Published March 17. 2013 4:00AM
The popularity of New Jersey Gov. Chris Christie grates on Connecticut Gov. Dannel P. Malloy. That seemed apparent when, without any prompting, the Connecticut governor brought up the rising Republican star during his meeting with our editorial board March 11.
The subject was the challenge Connecticut and many states face in addressing grossly underfunded pension plans for state employees. Gov. Malloy referenced some of the tough political choices he has made to improve the pension outlook in Connecticut. Then, without using the name, he referenced Christie. He proceeded to tie him to a former Connecticut governor, Republican John G. Rowland, who coincidentally was driven from office in scandal and spent a year in the federal pen, before landing a radio show.
"My good friend, the governor of New Jersey, who went to the legislature, got changes enacted by legislation, but under that legislation did what John Rowland did in our state by agreement with the unions. (Christie) got an agreement to not fully fund the pension obligation for eight years (actually seven)," said Malloy, who appears to have been paying attention to New Jersey's pension policies. "When they start to fully fund their pension obligation the unfunded portion … will be larger than on the day he signed the legislation."
There are many other states and governors doing a lousy job funding state pensions, so why point to Christie? I suspect Malloy considers Christie to be overrated, his much heralded ability to hold the line on taxes a bit of a flimflam, built on cutting municipal aid and kicking pension obligations down the road.
It has to annoy Malloy, a Democrat, that it is working very well for Christie, his latest Quinnipiac University poll number an unheard of sky-high 74 percent in New Jersey, a traditionally Democratic state. This month Malloy achieved his highest approval rating since taking office in January 2011, a modest 48 percent.

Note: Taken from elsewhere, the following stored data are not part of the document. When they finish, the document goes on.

lemma blockform_diagonal:
  assumes "i \<in> {1..N}" "j \<in> {1..N}" "k \<in> {1..N}"
  shows "blockform r v M i k k j = gram r v i j"
  using assms
  by (simp add: blockform_def gram_def diagonal_block mult.assoc sum_distrib_left[symmetric]
      sum_indicator_mult)

lemma blockform_psd:
  "psd_on ({1..N} \<times> {1..N}) (\<lambda>(i, j) (k, l). blockform r v M i j k l)"
proof (rule psd_on_congruence[OF psd, where G = "\<lambda>(i, j). block_vec j (v i)"])
  fix p q assume "p \<in> {1..N} \<times> {1..N}" "q \<in> {1..N} \<times> {1..N}"
  then obtain i j k l where pq: "p = (i, j)" "q = (k, l)"
    and ijkl: "i \<in> {1..N}" "j \<in> {1..N}" "k \<in> {1..N}" "l \<in> {1..N}"
    by auto
  have "bilin ({1..N} \<times> {1..r}) M (block_vec j (v i)) (block_vec l (v k)) = blockform r v M i j l k"
    using ijkl by (simp add: bilin_block_vec blockform_def)
  then show "(\<lambda>(i, j) (k, l). blockform r v M i j k l) p q =
      bilin ({1..N} \<times> {1..r}) M ((\<lambda>(i, j). block_vec j (v i)) p) ((\<lambda>(i, j). block_vec j (v i)) q)"
    using blockform_swap_last[OF ijkl] pq by simp
qed

lemma pseudomoment:
  "pseudomoment4 N (\<lambda>(i, j) (k, l). blockform r v M i j k l)"
  by (rule pseudomoment4I[OF blockform_psd])
    (simp_all add: blockform_contract_right blockform_diagonal unit_norm blockform_swap_first
      blockform_swap_middle blockform_swap_last)

lemma extends_gram: "extends4 N (\<lambda>(i, j) (k, l). blockform r v M i j k l) (gram r v)"
  unfolding extends4_def
proof (intro ballI)
  fix i j assume "i \<in> {1..N}" "j \<in> {1..N}"
  moreover have "1 \<in> {1..N}" using \<open>i \<in> {1..N}\<close> by simp
  ultimately show "(\<lambda>(i, j) (k, l). blockform r v M i j k l) (1, i) (1, j) = gram r v i j"
    using blockform_swap_first[of i 1 1 j] blockform_diagonal[of i j 1] by simp
qed

end

section \<open>Projection onto the span of finitely many vectors\<close>

definition outer_sum :: "('i \<Rightarrow> 'r \<Rightarrow> real) \<Rightarrow> ('i \<Rightarrow> 'r \<Rightarrow> real) \<Rightarrow> 'i set \<Rightarrow> 'r \<Rightarrow> 'r \<Rightarrow> real" where
  "outer_sum v L I a b = (\<Sum>i\<in>I. v i a * L i b)"

lemma outer_sum_idempotent:
  assumes "\<And>i a. i \<in> I \<Longrightarrow> a \<in> R \<Longrightarrow> (\<Sum>b\<in>R. outer_sum v L I a b * v i b) = v i a" and "a \<in> R"
  shows "(\<Sum>b\<in>R. outer_sum v L I a b * outer_sum v L I b d) = outer_sum v L I a d"
proof -
  have "(\<Sum>b\<in>R. outer_sum v L I a b * outer_sum v L I b d) =
      (\<Sum>i\<in>I. (\<Sum>b\<in>R. outer_sum v L I a b * v i b) * L i d)"
    unfolding outer_sum_def sum_distrib_left sum_distrib_right
    by (subst sum.swap) (simp add: mult_ac)
  also have "\<dots> = outer_sum v L I a d"
    using assms by (simp add: outer_sum_def)
  finally show ?thesis .
qed

lemma residual_orthogonal:
  fixes P :: "'r \<Rightarrow> 'r \<Rightarrow> real"
  assumes sym: "\<And>a b. P a b = P b a" and reproduces: "\<And>a. a \<in> R \<Longrightarrow> (\<Sum>b\<in>R. P a b * y b) = y a"
  shows "(\<Sum>b\<in>R. (u b - (\<Sum>d\<in>R. P b d * u d)) * y b) = 0"
proof -
  have "(\<Sum>b\<in>R. (\<Sum>d\<in>R. P b d * u d) * y b) = (\<Sum>d\<in>R. u d * (\<Sum>b\<in>R. P d b * y b))"
    unfolding sum_distrib_left sum_distrib_right by (subst sum.swap) (simp add: sym mult_ac)
  also have "\<dots> = (\<Sum>d\<in>R. u d * y d)"
    using reproduces by simp
  finally show ?thesis
    by (simp add: left_diff_distrib sum_subtractf)
qed

lemma outer_sum_insert_update:
  assumes "finite F" "x \<notin> F"
  shows "outer_sum v (\<lambda>i b. if i = x then w b / s else L i b - (\<Sum>d\<in>R. L i d * v x d) * w b / s)
      (insert x F) a b =
    outer_sum v L F a b + (v x a - (\<Sum>d\<in>R. outer_sum v L F a d * v x d)) * w b / s"
proof -
  let ?c = "\<lambda>i. \<Sum>d\<in>R. L i d * v x d"
  have "(\<Sum>i\<in>F. v i a * (if i = x then w b / s else L i b - ?c i * w b / s)) =
      (\<Sum>i\<in>F. v i a * L i b - v i a * ?c i * w b / s)"
    using assms(2) by (intro sum.cong refl) (auto simp: right_diff_distrib)
  also have "\<dots> = outer_sum v L F a b - (\<Sum>i\<in>F. v i a * ?c i) * w b / s"
    by (simp add: outer_sum_def sum_subtractf sum_distrib_right sum_divide_distrib)
  also have "(\<Sum>i\<in>F. v i a * ?c i) = (\<Sum>d\<in>R. outer_sum v L F a d * v x d)"
    unfolding outer_sum_def sum_distrib_left sum_distrib_right by (subst sum.swap) (simp add: mult_ac)
  finally show ?thesis
    using assms by (simp add: outer_sum_def algebra_simps add_divide_distrib diff_divide_distrib)
qed

text \<open>One Gram-Schmidt step: with w the residual of v x and s = |w|^2, adding w w^T / s keeps
  the projection property. When s = 0 the residual vanishes, and the junk value w / 0 = 0 is
  harmless.\<close>
lemma projection_insert:
  fixes v :: "'i \<Rightarrow> 'r \<Rightarrow> real"
  assumes "finite F" "x \<notin> F" "finite R"
    and sym: "\<And>a b. outer_sum v L F a b = outer_sum v L F b a"
    and reproduces: "\<And>i a. i \<in> F \<Longrightarrow> a \<in> R \<Longrightarrow> (\<Sum>b\<in>R. outer_sum v L F a b * v i b) = v i a"
  shows "\<exists>L'. (\<forall>a b. outer_sum v L' (insert x F) a b = outer_sum v L' (insert x F) b a) \<and>
    (\<forall>i\<in>insert x F. \<forall>a\<in>R. (\<Sum>b\<in>R. outer_sum v L' (insert x F) a b * v i b) = v i a)"
proof -
  let ?P = "outer_sum v L F"
  define w where "w a = v x a - (\<Sum>d\<in>R. ?P a d * v x d)" for a
  define s where "s = (\<Sum>b\<in>R. w b * w b)"
  define L' where "L' = (\<lambda>i b. if i = x then w b / s else L i b - (\<Sum>d\<in>R. L i d * v x d) * w b / s)"
  have P': "outer_sum v L' (insert x F) a b = ?P a b + w a * w b / s" for a b
    unfolding L'_def by (subst outer_sum_insert_update[OF assms(1,2)]) (simp add: w_def)
  have w_orth: "(\<Sum>b\<in>R. w b * v i b) = 0" if "i \<in> F" for i
    unfolding w_def using residual_orthogonal[OF sym reproduces[OF that]] by simp
  have Pw: "(\<Sum>b\<in>R. ?P a b * w b) = 0" if "a \<in> R" for a
  proof -
    have "(\<Sum>b\<in>R. ?P a b * (\<Sum>d\<in>R. ?P b d * v x d)) = (\<Sum>d\<in>R. (\<Sum>b\<in>R. ?P a b * ?P b d) * v x d)"
      unfolding sum_distrib_left sum_distrib_right by (subst sum.swap) (simp add: mult_ac)
    then show ?thesis
      using outer_sum_idempotent[OF reproduces that] by (simp add: w_def right_diff_distrib sum_subtractf)
  qed
  have w_x: "(\<Sum>b\<in>R. w b * v x b) = s"
  proof -
    have "(\<Sum>b\<in>R. w b * (\<Sum>d\<in>R. ?P b d * v x d)) = (\<Sum>d\<in>R. v x d * (\<Sum>b\<in>R. ?P d b * w b))"
      unfolding sum_distrib_left sum_distrib_right by (subst sum.swap) (simp add: sym mult_ac)
    also have "\<dots> = 0"
      using Pw by simp
    finally show ?thesis
      by (simp add: s_def w_def right_diff_distrib sum_subtractf)
  qed
  have reproduce_x: "(\<Sum>b\<in>R. ?P a b * v x b) + w a * s / s = v x a" if "a \<in> R" for a
  proof (cases "s = 0")
    case True
    then have "w a = 0"
      using that \<open>finite R\<close> by (simp add: s_def sum_nonneg_eq_0_iff)
    then show ?thesis by (simp add: w_def)
  next
    case False
    then show ?thesis by (simp add: w_def)
  qed
  show ?thesis
  proof (intro exI conjI ballI allI)
    fix a b
    show "outer_sum v L' (insert x F) a b = outer_sum v L' (insert x F) b a"
      using sym by (simp add: P' mult.commute)
  next
    fix i a assume "i \<in> insert x F" "a \<in> R"
    have "(\<Sum>b\<in>R. outer_sum v L' (insert x F) a b * v i b) =
        (\<Sum>b\<in>R. ?P a b * v i b) + w a * (\<Sum>b\<in>R. w b * v i b) / s"
      by (simp add: P' algebra_simps sum.distrib sum_distrib_left sum_divide_distrib)
    then show "(\<Sum>b\<in>R. outer_sum v L' (insert x F) a b * v i b) = v i a"
      using \<open>i \<in> insert x F\<close> \<open>a \<in> R\<close> reproduces w_orth w_x reproduce_x by auto
  qed
qed

lemma exists_projection_onto_span:
  fixes v :: "'i \<Rightarrow> 'r \<Rightarrow> real"
  assumes "finite I" "finite R"
  shows "\<exists>L. (\<forall>a b. outer_sum v L I a b = outer_sum v L I b a) \<and>
    (\<forall>i\<in>I. \<forall>a\<in>R. (\<Sum>b\<in>R. outer_sum v L I a b * v i b) = v i a)"
  using assms(1)
proof (induction rule: finite_induct)
  case empty
  show ?case by (auto simp: outer_sum_def)
next
  case (insert x F)
  then obtain L where "\<And>a b. outer_sum v L F a b = outer_sum v L F b a"
    and "\<And>i a. i \<in> F \<Longrightarrow> a \<in> R \<Longrightarrow> (\<Sum>b\<in>R. outer_sum v L F a b * v i b) = v i a"
    by blast
  then show ?case
    using projection_insert[OF insert.hyps(1,2) assms(2)] by blast
qed

section \<open>Pseudomoment matrices yield tight certificates\<close>

locale pseudomoment_extension =
  fixes N r :: nat and v :: "nat \<Rightarrow> nat \<Rightarrow> real" and Y :: "nat \<times> nat \<Rightarrow> nat \<times> nat \<Rightarrow> real"
  assumes pseudomoment: "pseudomoment4 N Y"
    and extends: "extends4 N Y (gram r v)"
begin

lemma psd: "psd_on ({1..N} \<times> {1..N}) Y"
  using pseudomoment by (simp add: pseudomoment4_def)

lemma sym: "p \<in> {1..N} \<times> {1..N} \<Longrightarrow> q \<in> {1..N} \<times> {1..N} \<Longrightarrow> Y p q = Y q p"
  using psd by (rule psd_on_sym)

lemma permuted:
  assumes "p permutes {..<4}" "i \<in> {1..N}" "j \<in> {1..N}" "k \<in> {1..N}" "l \<in> {1..N}"
  shows "Y ([i, j, k, l] ! p 0, [i, j, k, l] ! p 1) ([i, j, k, l] ! p 2, [i, j, k, l] ! p 3) = Y (i, j) (k, l)"
  using pseudomoment assms unfolding pseudomoment4_def Let_def by blast

lemma
  assumes "i \<in> {1..N}" "j \<in> {1..N}" "k \<in> {1..N}" "l \<in> {1..N}"
  shows swap_first: "Y (j, i) (k, l) = Y (i, j) (k, l)"
    and swap_middle: "Y (i, k) (j, l) = Y (i, j) (k, l)"
    and swap_last: "Y (i, j) (l, k) = Y (i, j) (k, l)"
  using permuted[OF permutes_swap_id[of 0 "{..<4}" 1] assms]
    permuted[OF permutes_swap_id[of 1 "{..<4}" 2] assms]
    permuted[OF permutes_swap_id[of 2 "{..<4}" 3] assms]
  by (simp_all add: Transposition.transpose_def)

lemma swap_outer_middle:
  assumes "i \<in> {1..N}" "j \<in> {1..N}" "k \<in> {1..N}" "l \<in> {1..N}"
  shows "Y (i, l) (k, j) = Y (i, j) (k, l)"
  using assms swap_middle swap_last by metis

lemma contract_gram:
  assumes i: "i \<in> {1..N}" and j: "j \<in> {1..N}" and l: "l \<in> {1..N}"
  shows "Y (j, i) (j, l) = gram r v i l"
proof -
  have one: "1 \<in> {1..N}" using i by simp
  have "Y (j, i) (j, l) = Y (i, l) (j, j)"
    using assms swap_first swap_middle swap_outer_middle by metis
  also have "\<dots> = Y (i, l) (1, 1)"
    using pseudomoment assms one unfolding pseudomoment4_def by blast
  also have "\<dots> = Y (1, i) (1, l)"
    using assms one swap_first swap_middle swap_last by metis
  also have "\<dots> = gram r v i l"
    using extends i l by (simp add: extends4_def)
  finally show ?thesis .
qed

But on the pension matter, Malloy has a point.
When Christie pushed through pension changes that required public workers for the first time to contribute toward their retirement, and raised the retirement age from 62 to 65, the national media saluted the ability of a tough Republican governor to rein in out-of-control government unions.
Left out of that narrative was Christie's decision not to put any state money towards pensions in his first year in office, which makes it much easier to balance the budget, but causes long-term fiscal problems. And the 2011 law that required workers to kick in, and retire later, also allowed the state to wait another seven years to contribute the amount necessary to properly fund the pension plan, building to that total in increments.
For example, this fiscal year New Jersey will contribute about $1 billion to its pensions, when the actuaries call for $3.74 billion. Christie concedes that approach moves finances in the wrong direction. "The unfunded liabilities will continue to increase somewhat," Christie told the New Jersey press. But, he noted, his state is at least going in the wrong direction slower. "We're falling behind by a heck of a lot less than we were in the years before I got here," he said. A self-administered slap on the back for that achievement seems hardly Christie like.
Under the deal Malloy's administration reached with Connecticut labor unions, his state employees will also begin contributing to their retirements starting July 1. And penalties for early retirement will encourage state employees, many who in the past have left in their late 50s, to work longer. By 2022 the mandatory retirement age will be 63 or 65, depending on date of hire. The Malloy administration estimates savings from the concessions at $21 billion over 20 years.
But unlike New Jersey, Connecticut's governor, in order to start catching up, is pursuing a policy to contribute amounts larger than the spending necessary to tread water - $468 million extra next fiscal year, $180 million the following year, according to the governor's budget proposal. The administration estimates saving another $5.8 billion in financing by paying more up front. The plan also addresses perhaps the most serious threat to adequately funding the pension plan. In 2029 and 2030 the state faced balloon payments totalling $7.8 billion. Given the state spends $20 billion on the entire budget, making those payments would have been impossible. How did that happen? To save money short term, Rowland inflated those balloons in a deal he made with the labor unions, thus Malloy's comparison with Christie's approach.
Unfortunately for Malloy he inheritid a pension plan in far worse shape than did his New Jersey counterpart. Connecticut's pension plan has a funded ratio of 42.3 percent, when 80 percent is recommended, a goal Malloy wants to reach in 2025. New Jersey, with $77 billion in assets, has a funded ratio of 64.6 percent.
I emailed Christie's press office for comment on Malloy's criticisms. I received no response. I suspect Christie is not terribly preoccupied with how Malloy is doing or what he is saying.
Paul Choiniere is editorial page editor.